Nudity and sexual activity
There’s no nudity and sexual activity in Lunana: A Yak in the Classroom.
The following products are displayed or used in Lunana: A Yak in the Classroom: a The North Face jacket and a Samsung charger.
Lunana: A Yak in the Classroom has some coarse language.
Ideas to discuss with your children
Lunana: A Yak in the Classroom is a simple and realistic movie. It has no fast-paced plot or scandal, but audiences will be captivated by the natural charm of the children, touched by the plight of the community, humbled by the majestic terrain, and haunted by the beautiful melodies echoing over the mountain passes.
Because of its themes, plot and fast-paced subtitles, Lunana: A Yak in the Classroom probably won’t appeal to most children. It’s likely to be enjoyed most by mature audiences.
These are the main messages from Lunana: A Yak in the Classroom:
- You can find great happiness by leading a simple life.

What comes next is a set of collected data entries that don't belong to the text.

text \<open>Along the chain \<open>\<pi>_k0 t, \<dots>, \<pi>_k1 t = t\<close> each increment \<open>X(\<pi>_k t) - X(\<pi>_(k-1) t)\<close>
  is at most its \<open>2^k\<close>-norm times \<open>Z\<close>, the maximum over the at most \<open>e^(3\<cdot>2^k)\<close> links
  \<open>(u, v) \<in> T_k \<times> T_(k-1)\<close> of \<open>|X_u - X_v|\<close> divided by its \<open>2^k\<close>-norm. Hence
  \<open>sup_t |X_t| \<le> U + A Z\<close> almost surely, with \<open>U\<close> the maximum of \<open>|X_s|\<close> over \<open>T_k0\<close> and \<open>A\<close>
  the first supremum of the claim. A union bound gives
  \<open>\<parallel>U\<parallel>_p \<le> |T_k0|^(1/p) max_s \<parallel>X_s\<parallel>_p \<le> e^4 max_s \<parallel>X_s\<parallel>_p\<close>. For \<open>Z\<close>, cutting at
  \<open>d = 2e^3\<close> gives \<open>z^p \<le> d^p + d^(p-q) z^q\<close> for \<open>q = 2^k \<ge> p\<close>, whence
  \<open>E Z^p \<le> e^(3p) (2^p + \<Sum>_k 2^(p-2^k)) \<le> e^(3p) (2^p + 1) \<le> (3e^3)^p\<close>, using \<open>p \<le> 2^k0\<close>.
  Minkowski's inequality combines the two bounds.\<close>

lemma powr_add_le_weighted:
  fixes u v l p :: real
  assumes "u \<ge> 0" "v \<ge> 0" "0 < l" "l < 1" "p \<ge> 1"
  shows "(u + v) powr p \<le> l powr (1 - p) * u powr p + (1 - l) powr (1 - p) * v powr p"
proof (cases "u = 0 \<or> v = 0")
  case True
  have "l powr (1 - p) \<ge> 1" "(1 - l) powr (1 - p) \<ge> 1"
    using assms powr_mono'[of "1 - p" 0 l] powr_mono'[of "1 - p" 0 "1 - l"] by auto
  then show ?thesis
    using True by (auto simp: mult_le_cancel_right1)
next
  case False
  with assms have "u / l > 0" "v / (1 - l) > 0" by auto
  then have "(l * (u / l) + (1 - l) * (v / (1 - l))) powr p
      \<le> l * (u / l) powr p + (1 - l) * (v / (1 - l)) powr p"
    using convex_onD[OF powr_convex[OF \<open>p \<ge> 1\<close>], of "1 - l" "u / l" "v / (1 - l)"] assms
    by simp
  then show ?thesis
    using assms by (simp add: powr_divide powr_diff)
qed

- People are far more powerful than things.
- Good teachers are worthy of great honour and respect, because they ‘touch the future’.
Values in Lunana: A Yak in the Classroom that you could reinforce with your children include respect, generosity, sacrifice, persistence and contentment.
Lunana: A Yak in the Classroom could also give you the chance to talk with your children about the importance of:
- family and tradition, even when these seems old or irrelevant
- community life and helping those around you.
You could also acknowledge that although Ugyen leaves Lunana, he’s both touched and transformed by the lessons he learns there.